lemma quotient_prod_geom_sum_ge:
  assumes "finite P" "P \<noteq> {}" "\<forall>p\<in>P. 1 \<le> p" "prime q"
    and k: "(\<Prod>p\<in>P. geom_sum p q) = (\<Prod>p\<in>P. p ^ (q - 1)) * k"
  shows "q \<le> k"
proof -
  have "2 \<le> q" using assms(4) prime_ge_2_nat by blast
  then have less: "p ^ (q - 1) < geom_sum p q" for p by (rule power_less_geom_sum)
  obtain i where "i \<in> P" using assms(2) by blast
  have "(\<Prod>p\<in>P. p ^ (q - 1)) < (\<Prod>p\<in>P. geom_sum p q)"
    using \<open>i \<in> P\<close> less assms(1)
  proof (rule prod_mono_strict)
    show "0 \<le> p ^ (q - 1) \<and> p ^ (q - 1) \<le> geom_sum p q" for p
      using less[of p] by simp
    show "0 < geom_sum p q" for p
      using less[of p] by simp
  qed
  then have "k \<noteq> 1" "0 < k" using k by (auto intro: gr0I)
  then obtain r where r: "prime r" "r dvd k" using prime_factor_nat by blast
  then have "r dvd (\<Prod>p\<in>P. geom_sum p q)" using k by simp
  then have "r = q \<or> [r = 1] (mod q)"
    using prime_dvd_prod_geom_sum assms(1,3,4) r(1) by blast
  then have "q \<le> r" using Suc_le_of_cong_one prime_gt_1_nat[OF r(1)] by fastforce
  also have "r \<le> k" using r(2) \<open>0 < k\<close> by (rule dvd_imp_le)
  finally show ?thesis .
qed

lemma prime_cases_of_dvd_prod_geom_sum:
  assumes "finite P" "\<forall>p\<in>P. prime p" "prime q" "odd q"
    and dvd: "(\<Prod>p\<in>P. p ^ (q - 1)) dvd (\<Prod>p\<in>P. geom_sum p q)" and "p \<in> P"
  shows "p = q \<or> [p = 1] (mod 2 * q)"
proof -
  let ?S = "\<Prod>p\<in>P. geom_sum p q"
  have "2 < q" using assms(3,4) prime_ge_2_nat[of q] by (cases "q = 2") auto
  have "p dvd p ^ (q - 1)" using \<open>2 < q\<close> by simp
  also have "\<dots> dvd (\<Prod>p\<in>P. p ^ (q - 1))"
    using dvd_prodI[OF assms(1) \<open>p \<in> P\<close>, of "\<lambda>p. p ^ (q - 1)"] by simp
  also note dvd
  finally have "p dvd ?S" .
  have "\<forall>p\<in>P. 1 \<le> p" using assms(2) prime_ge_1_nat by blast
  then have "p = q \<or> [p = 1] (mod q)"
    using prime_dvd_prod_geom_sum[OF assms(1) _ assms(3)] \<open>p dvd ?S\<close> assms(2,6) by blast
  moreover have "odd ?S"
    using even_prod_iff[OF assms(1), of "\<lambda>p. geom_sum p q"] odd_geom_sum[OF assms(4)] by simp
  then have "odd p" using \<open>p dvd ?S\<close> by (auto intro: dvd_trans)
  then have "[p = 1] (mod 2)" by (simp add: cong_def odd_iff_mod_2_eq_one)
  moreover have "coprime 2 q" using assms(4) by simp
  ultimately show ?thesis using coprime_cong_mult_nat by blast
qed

- - -

### EXERCISE
Please write out, exactly as they appear, the lines from the line containing "using prime_dvd_prod_geom_sum[OF assms(1)" through the last line of the records above, both included.

### YOUR SOLUTION
    using prime_dvd_prod_geom_sum[OF assms(1) _ assms(3)] \<open>p dvd ?S\<close> assms(2,6) by blast
  moreover have "odd ?S"
    using even_prod_iff[OF assms(1), of "\<lambda>p. geom_sum p q"] odd_geom_sum[OF assms(4)] by simp
  then have "odd p" using \<open>p dvd ?S\<close> by (auto intro: dvd_trans)
  then have "[p = 1] (mod 2)" by (simp add: cong_def odd_iff_mod_2_eq_one)
  moreover have "coprime 2 q" using assms(4) by simp
  ultimately show ?thesis using coprime_cong_mult_nat by blast
qed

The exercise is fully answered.